As I ran, I tried to focus on my breath to keep the other thoughts at bay. I didn't want to remember the look on Billy's face when he met Naomi for the first time, and saw all of the Bella in her that I saw. Or the reproach in Sam's face when he caught me thinking about it.

"Jacob," he'd said to me one night, while we were having a beer after we finished patrols, "this is not healthy. You have imprinted, and if you will only focus the energy on Naomi that your body wants you to, this thing you still have for Bella would disappear. Naomi is the one for you, perfectly matched to you in every way."

"No," I said, through gritted teeth, "she is not matched to me perfectly. I am being forced to match myself perfectly to her needs. I become whatever she wants for me, because it's easier that way. She wants a houseful of kids, so we're starting work on the second one. She wants me to stop phasing, so I'll probably give in to that eventually. She wants me to keep working for Dowling's instead of opening my own shop, so that dream is shot to shit. Everything I want becomes secondary to her needs, and it makes me fucking sick. I wouldn't feel this way about her if I wasn't forced into it by the fucking Cullens. Do you realize that every problem, every hurt, every little thing that got screwed up along the way happened because they happened to settle in this part of the country? If they'd stayed away, you would never have broken Leah's heart, Bella would be pregnant with my child right now, and Naomi would have found a man that loves her because he wants to, not because he has to." Sam glared at me, angry that I broached the sore subject of Leah.

"You're right, I never would have broken Leah's heart. But I wouldn't have Emily, who I actually do love because I want to, and neither of us would have the children we have now." I snorted at him, and I could see him forcibly restraining his own anger.

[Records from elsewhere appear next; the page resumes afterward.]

(* Let $M$ be the allocation output by the online greedy algorithm on an instance of Model 1 and let $N$ be an optimal offline allocation. For a day $d_i$, let $X_i$ be the set of Type 2 agents that $N$ allocates on day $d_i$ and $Y_i$ the set of agents that $M$ allocates on day $d_i$. Then there exists an injective map $f:X_i\to Y_i$ such that whenever $f(a_p)=a_q$, we have $\alpha_p\le\alpha_q$.
   Context: Model 1: finite sets of agents $A$, categories $C$ and days $D=\{d_1,\dots,d_T\}$; each agent is eligible for a subset of categories; daily supply $s_i$ for day $d_i$; daily quota $q_{ik}$ for category $c_k$ on day $d_i$; each agent $a_j$ has a priority factor $\alpha_j>0$ and a set of available days; discount factor $\delta\in(0,1)$. An allocation maps each agent to a pair (eligible category, available day) or to $\emptyset$, with at most $q_{ik}$ agents getting $(c_k,d_i)$ and at most $s_i$ agents getting day $d_i$; agent $a_j$ allocated on day $d_i$ has utility $\alpha_j\delta^{i-1}$, and an optimal offline allocation maximizes total utility. The online greedy algorithm: on each day $d_i$, let $A_i$ be the agents available on $d_i$ not yet allocated; form the bipartite graph between $A_i$ and $C$ with an edge $(a_j,c_k)$ when $a_j$ is eligible for $c_k$, of weight $\alpha_j\delta^{i-1}$, agents of capacity $1$ and $c_k$ of capacity $q_{ik}$; compute a maximum-weight $b$-matching of size at most $s_i$ and allocate accordingly on day $d_i$. An agent allocated by $N$ is of Type 1 if $M$ allocates it on a strictly earlier day than $N$ does; every other agent allocated by $N$ is of Type 2. *)

theory Defs
  imports Complex_Main
begin

text \<open>Model 1. Agents of type 'a (the finite set A), categories of type 'c (finite set C),
  days indexed by 1..T. elig a = categories agent a is eligible for, avail a = available days,
  s i = supply of day i, q i c = quota of category c on day i, alpha a = priority factor.
  An allocation is a map 'a => ('c * nat) option; Some (c,i) means (category c, day i),
  None means the empty allocation.\<close>

type_synonym ('a,'c) alloc = "'a \<Rightarrow> ('c \<times> nat) option"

"No, Sam. We wouldn't have the children we have now. But we'd have other children that we would have loved just as much, without all of the messy complications and all the pure fucking heartbreak that came along with imprinting and fighting. And it's not just about us. Embry is scared to death to date, because he's afraid he'll imprint and hurt someone. What if he never does? He'll spend the rest of his life alone for fear of something that might never happen. Quil gets the joyous task of explaining to a little girl that her life was decided for her before she was potty-trained. You're so full of "tribal pride" that you don't see how fucked this whole thing is." With that, I threw the beer bottle into the trashcan hard enough to shatter it, and ran home.

These were the thoughts that accompanied me on what was supposed to be a peaceful run to sort out my thoughts. The trouble was, my thoughts didn't need sorting out; they were in perfect order. I knew exactly where I stood on everything in my head.

The sound of my thundering footsteps on the cracked pavement became the rhythm that I focused on. Bel-la. Bel-la. Bel-la.